It’s an age-old story, folks, but the more religious people are and the more proud they are of their religion, the more proud they are of their spiritual achievement, the more proud they are of their accomplishment religiously, the more resistant they are to the gospel of grace. That’s why the people the responded to Jesus were the tax collectors, prostitutes, criminals; lowlifes, who had no spiritual pride, who were not allowed to go to the synagogue, who were not allowed to go to the temple, who were the outcasts, the unsynagogued, they had no pride to hold on to. They came to Jesus.

Now, understand what spiritual pride does. These religious leaders and all the people that followed them, which was the majority of the population of Israel, had on the outside said no to a lot of fleshly behaviors. They made serious concessions that the lowlifes didn’t make. They said no to outward violations of the Ten Commandments. They said no to adultery, sins of the flesh, lying, murder, lusts that manifested themselves in wicked behaviors. These are the forbidden sins. These are the open sins. They gladly restrained themselves from those on the outside. They could say with the rich, young ruler, “All of these laws have I kept from my youth up.”

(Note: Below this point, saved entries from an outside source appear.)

lemma mag_pivot_row_le:
  assumes s: "s < n"
  shows "mag (B k s * adj_col s) \<le> mag (B k k * adj_col k)"
proof -
  have diag: "B k k * adj_col k = (\<Prod>r<n. B r r)"
    using k_less by (simp add: adj_col_pivot prod.remove[of _ k])
  have "mag (B k s * (psign p * off_pivot_prod p)) \<le> mag (\<Prod>r<n. B r r)"
    if p: "p permutes {..<n}" "p k = s" for p
  proof -
    have "B k s * off_pivot_prod p = (\<Prod>r<n. B r (p r))"
      using k_less p(2) by (simp add: off_pivot_prod_def prod.remove[of _ k])
    then show ?thesis
      using prod_perm_le_diag(1)[OF _ permutes_imp_bij[OF p(1)]] by (simp add: mult.left_commute)
  qed
  then show ?thesis
    unfolding diag adj_col_expansion[OF s] sum_distrib_left
    by (subst mag_sum_le_iff[OF finite_permutations_with]) simp
qed

theorem balanced_row_adj_col:
  assumes i: "i < n"
  shows "balanced (mat_vec n B adj_col i)"
proof (cases "i = k")
  case True
  have "balanced (B k k * adj_col k + (\<Sum>s\<in>{..<n} - {k}. B k s * adj_col s))"
    using balanced_mult[OF balanced_pivot] mag_pivot_row_le
    by (intro balanced_add_smaller) (auto simp: mag_sum_le_iff)
  then show ?thesis
    unfolding True mat_vec_split[OF k_less] .
next
  case False
  then show ?thesis
    by (simp add: mat_vec_split[OF i] adj_col_row_exact[OF i] balanced_add_sminus_self)
qed

definition exact_rows :: "(nat \<Rightarrow> 'g smax) \<Rightarrow> bool" where
  "exact_rows y \<longleftrightarrow> (\<forall>i<n. i \<noteq> k \<longrightarrow> (\<Sum>s\<in>{..<n} - {i}. B i s * y s) = \<ominus> (B i i * y i))"

text \<open>The potential \<open>|b\<^bsub>ii\<^esub>| |y\<^sub>i|\<^sup>2\<close> strictly increases along a dominant off-diagonal term of a
  row (\<open>potential_increase\<close>), so such terms cannot form cycles.\<close>

definition potential :: "(nat \<Rightarrow> 'g smax) \<Rightarrow> nat \<Rightarrow> 'g option" where
  "potential y i = mag (B i i * y i * y i)"

lemma exact_rows_adj_col: "exact_rows adj_col"
  by (simp add: exact_rows_def adj_col_row_exact)

lemma exact_rows_scale: "exact_rows y \<Longrightarrow> exact_rows (\<lambda>i. c * y i)"
  by (auto simp: exact_rows_def sum_distrib_left[symmetric] sminus_mult_right mult.left_commute)
(* Let $\mathcal{I}$ be an ideal on $\omega$, let $\mathcal{A}=\{A_\alpha:\alpha<\mathfrak{c}\}$ be an almost disjoint family on $\omega$, let $\mathcal{I}^+=\{B_\alpha:\alpha<\mathfrak{c}\}$ be an enumeration, and let $\{P_n:n\in\omega\}$ be a partition of $\omega$ with $P_n\in\mathcal{I}$ for all $n$. Let $\rho^{(\mathcal{I})}$ be the associated function. Then: (1) $\rho^{(\mathcal{I})}$ is partition regular; (2) $\mathcal{I}_{\rho^{(\mathcal{I})}}=\mathcal{I}$; (3) $\rho^{(\mathcal{I})}$ has small accretions; (4) if $\mathcal{I}\in P^-$, then $\rho^{(\mathcal{I})}\in P^-$; (5) $\rho^{(\mathcal{I})}\in(S_2)$.
   Context: An ideal on $\omega$: $\mathcal{I}\subseteq\mathcal{P}(\omega)$ with $\emptyset\in\mathcal{I}$, $\omega\notin\mathcal{I}$, closed under finite unions and subsets, containing all finite sets; $\mathcal{I}^+=\mathcal{P}(\omega)\setminus\mathcal{I}$. An almost disjoint family on $\omega$ is a family of infinite subsets of $\omega$ any two distinct members of which have finite intersection (here the $A_\alpha$ are pairwise distinct). Definition of $\rho^{(\mathcal{I})}$: let $\overline{\mathcal{A}}=\{A\setminus K:A\in\mathcal{A},K\in[\omega]^{<\omega}\}$ and define $\rho^{(\mathcal{I})}\colon\overline{\mathcal{A}}\to[\omega]^\omega$ by $\rho^{(\mathcal{I})}(A_\alpha\setminus K)=B_\alpha\setminus\bigcup\{P_n:n<\max(K\cap A_\alpha)\}$, with the convention $\max\emptyset=0$. Partition regular function: $\Lambda,\Omega$ countably infinite, $\mathcal{F}$ a nonempty family of infinite subsets of $\Omega$ with $F\setminus K\in\mathcal{F}$ for $F\in\mathcal{F}$, $K$ finite; $\rho\colon\mathcal{F}\to[\Lambda]^\omega$ is partition regular if (M) $E\subseteq F\Rightarrow\rho(E)\subseteq\rho(F)$; (R) if $F\in\mathcal{F}$ and $\rho(F)=A\cup B$ then some $E\in\mathcal{F}$ has $\rho(E)\subseteq A$ or $\rho(E)\subseteq B$; (S) for every $E\in\mathcal{F}$ there is $F\in\mathcal{F}$, $F\subseteq E$, such that every $a\in\rho(F)$ satisfies $a\notin\rho(F\setminus K)$ for some finite $K\subseteq\Omega$. $\mathcal{I}_\rho=\{A\subseteq\Lambda:\forall F\in\mathcal{F}\ \rho(F)\not\subseteq A\}$. $\rho$ has small accretions if for every $E\in\mathcal{F}$ there is $F\in\mathcal{F}$, $F\subseteq E$, with $\rho(F)\setminus\rho(F\setminus K)\in\mathcal{I}_\rho$ for every finite $K\subseteq\Omega$. $\rho\in P^-$: for every decreasing $A_0\supseteq A_1\supseteq\dots$ of subsets of $\Lambda$ with $A_0\notin\mathcal{I}_\rho$ and $A_n\setminus A_{n+1}\in\mathcal{I}_\rho$, there is $F\in\mathcal{F}$ with $\rho(F)\subseteq A_0$ such that for each $n$ some finite $K\subseteq\Omega$ has $\rho(F\setminus K)\subseteq A_n$. For an ideal $\mathcal{I}$, $\mathcal{I}\in P^-$ means $\rho_{\mathcal{I}}\in P^-$, where $\rho_{\mathcal{I}}\colon\mathcal{I}^+\to[\omega]^\omega$, $\rho_{\mathcal{I}}(A)=A$; equivalently, for every decreasing $A_0\supseteq A_1\supseteq\dots$ with $A_0\in\mathcal{I}^+$ and $A_n\setminus A_{n+1}\in\mathcal{I}$ there is $B\in\mathcal{I}^+$, $B\subseteq A_0$, with $B\setminus A_n$ finite for all $n$. $\rho\in(S_2)$: for every $E\in\mathcal{F}$ there is $F\in\mathcal{F}$, $F\subseteq E$, such that for every $B\subseteq\rho(F)$ with $B\notin\mathcal{I}_\rho$ there is $G\in\mathcal{F}$ with $\rho(G)\subseteq B$ and for every finite $K\subseteq\Omega$ there is a finite $L\subseteq\Omega$ with $\rho(G\setminus L)\subseteq\rho(F\setminus K)$. *)

theory Defs
  imports Main
begin
text \<open>One step of the Cholesky-type decomposition: subtracting the rank-one operator built from
  the \<open>a\<close>-th column, normalised by the positive pivot \<open>A$a$a\<close>, keeps \<open>A\<close> positive and clears
  row \<open>a\<close>.\<close>
lemma psd_minus_outer_column:
  assumes psd: "psd A" and pivot: "0 < Re (A$a$a)"
  defines "u \<equiv> complex_of_real (1 / sqrt (Re (A$a$a))) *s (A *v axis a 1)"
  shows "psd (A - outer u)" and "outer u $ i $ j = A$i$a * A$a$j / A$a$a"
proof -
  define r where "r = Re (A$a$a)"
  have herm: "hermitian A" and nonneg: "\<And>x. 0 \<le> Re (qform A x)"
    using psd by (auto simp: psd_iff_qform)
  have Aaa: "A$a$a = complex_of_real r"
    using hermitian_qform_real[OF herm, of "axis a 1"] by (simp add: qform_axis r_def complex_eq_iff)
  have r: "r > 0" using pivot by (simp add: r_def)
  have column: "(A *v axis a 1) $ i = A$i$a" for i
    by (simp add: matrix_vector_mult_def axis_def if_distrib if_distribR sum.delta' cong: if_cong)
  have scale: "complex_of_real (sqrt r) * complex_of_real (sqrt r) = complex_of_real r"
    using r by (simp flip: of_real_mult)
  show "outer u $ i $ j = A$i$a * A$a$j / A$a$a"
    using hermitian_entry[OF herm, of j a]
    by (simp add: outer_def u_def column r_def[symmetric] Aaa mult_ac scale)
  have "0 \<le> Re (qform (A - outer u) v)" for v
  proof -
    define z where "z = cinner (A *v axis a 1) v"
    define c where "c = z / complex_of_real r"
    have "cinner v (A *v axis a 1) = cnj z" "cinner (axis a 1) (A *v v) = z"
      by (simp_all add: z_def cnj_cinner hermitian_cinner[OF herm])
    then have "qform A (v - c *s axis a 1)
        = qform A v - c * cnj z - cnj c * z + cnj c * c * complex_of_real r"
      by (simp add: qform_diff_scale qform_axis Aaa)
    also have "\<dots> = qform A v - z * cnj z / complex_of_real r"
      using r by (simp add: c_def field_simps)
    also have "\<dots> = qform A v - complex_of_real ((cmod z)^2 / r)"
      by (simp only: of_real_divide complex_norm_square)
    finally have "(cmod z)^2 / r \<le> Re (qform A v)"
      using nonneg[of "v - c *s axis a 1"] by simp
    moreover have "(cmod (cinner u v))^2 = (cmod z)^2 / r"
      using r by (simp add: u_def z_def r_def[symmetric] cinner_scale_left norm_divide power_divide)
    ultimately show ?thesis by (simp add: qform_diff qform_outer)
  qed
  then show "psd (A - outer u)"
    using hermitian_diff[OF herm hermitian_outer] by (simp add: psd_iff_qform)
qed

lemma psd_eq_sum_outer_on:
  assumes "finite S"
  shows "psd A \<Longrightarrow> (\<And>i j. i \<notin> S \<Longrightarrow> A$i$j = 0) \<Longrightarrow> \<exists>U. A = (\<Sum>k\<in>S. outer (U k))"
  using assms
proof (induction S arbitrary: A rule: finite_induct)
  case empty
  then show ?case by (auto simp: vec_eq_iff)
next
  case (insert a S A)
  have sum_upd: "(\<Sum>k\<in>insert a S. outer ((U(a := u)) k)) = outer u + (\<Sum>k\<in>S. outer (U k))"
    for U u
  proof -
    have "(\<Sum>k\<in>S. outer ((U(a := u)) k)) = (\<Sum>k\<in>S. outer (U k))"
      by (rule sum.cong) (use insert.hyps in auto)
    then show ?thesis using insert.hyps by simp
  qed
  show ?case
  proof (cases "Re (A$a$a) = 0")
    case True
    have "A$a$a = 0"
      using True hermitian_qform_real[OF psd_imp_hermitian[OF insert.prems(1)], of "axis a 1"]
      by (simp add: qform_axis complex_eq_iff)
    then have "A$i$j = 0" if "i \<notin> S" for i j
      using that psd_zero_diagonal_row[OF insert.prems(1)] insert.prems(2) by (cases "i = a") auto
    then obtain U where "A = (\<Sum>k\<in>S. outer (U k))" using insert.IH[OF insert.prems(1)] by blast
    then have "A = (\<Sum>k\<in>insert a S. outer ((U(a := 0)) k))"
      unfolding sum_upd by simp
    then show ?thesis by blast
  next
    case False
    then have pivot: "0 < Re (A$a$a)"
      using insert.prems(1) by (simp add: psd_iff_qform less_le flip: qform_axis)
    define u where "u = complex_of_real (1 / sqrt (Re (A$a$a))) *s (A *v axis a 1)"
    note peel = psd_minus_outer_column[OF insert.prems(1) pivot, folded u_def]
    have "(A - outer u)$i$j = 0" if "i \<notin> S" for i j
      using that pivot insert.prems(2)[of i] by (cases "i = a") (auto simp: peel(2))
    then obtain U where "A - outer u = (\<Sum>k\<in>S. outer (U k))" using insert.IH[OF peel(1)] by blast
    then have "A = (\<Sum>k\<in>insert a S. outer ((U(a := u)) k))"
      unfolding sum_upd by (simp add: algebra_simps)
    then show ?thesis by blast
  qed
qed

lemma psd_eq_sum_outer:
  fixes A :: "'n::finite cmat"
  shows "psd A \<Longrightarrow> \<exists>U. A = (\<Sum>k\<in>(UNIV::'n set). outer (U k))"
  using psd_eq_sum_outer_on[of "UNIV::'n set" A] by simp

lemma trace_mult_psd_nonneg:
  fixes P \<rho> :: "'n::finite cmat"
  assumes "psd P" "psd \<rho>"
  shows "0 \<le> Re (trace (P ** \<rho>))"
proof -
  obtain U :: "'n \<Rightarrow> complex^'n" where "\<rho> = (\<Sum>k\<in>UNIV. outer (U k))"
    using psd_eq_sum_outer[OF assms(2)] by blast
  then have "trace (P ** \<rho>) = (\<Sum>k\<in>UNIV. qform P (U k))"
    by (simp add: matrix_sum_ldistrib trace_sum trace_mult_outer)
  then show ?thesis using assms(1) by (simp add: psd_iff_qform sum_nonneg)
qed

lemma trace_mult_mono:
  assumes "psd \<rho>" "op_le A B"
  shows "Re (trace (A ** \<rho>)) \<le> Re (trace (B ** \<rho>))"
  using trace_mult_psd_nonneg[of "B - A" \<rho>] assms
  by (simp add: op_le_def matrix_diff_rdistrib trace_sub)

Paul was one of the Pharisees, by the way. And you remember what he said? This is how he viewed himself. “As measured against the Law, blameless.” Philippians 3, “I was blameless. As far as anybody knew, I toed the mark.” Now, you know, that’s a high price for a sinner to pay ‘cause lust of the flesh, lust of the eyes, evil in the heart, evil desire, covetousness, greed that manifests itself on the outside is the fulfillment of the most natural impulses of non-believers.

But highly religious people say no to those things on the outside. They’re willing to live under binding moral constraints. They’re willing to live under very tight rules and regulations that make it look like they’re very holy. You say, “Well how can sinners do that?” Because pride, spiritual pride, is such a self-satisfying sin that it makes up for all that you have to forfeit. Listen. Spiritual pride is like an aphrodisiac, it’s like a drug. Spiritual pride is a high, walking around in overtly spiritual pretense in the way you dress and the way you conduct yourself, and making outward pretenses and outward prayers and outward acts of manifest fasting, making an issue out of your giving for all to see. That’s what they did.

They found so much personal satisfaction in spiritual pride that they were willing to let other behaviors go. Spiritual pride is a very, very powerful, powerful sin. It’s also a damning sin. Now, of course, in secret, oh, that’s another story. In secret, they couldn’t restrain the flesh so in secret they committed every sin in their hearts.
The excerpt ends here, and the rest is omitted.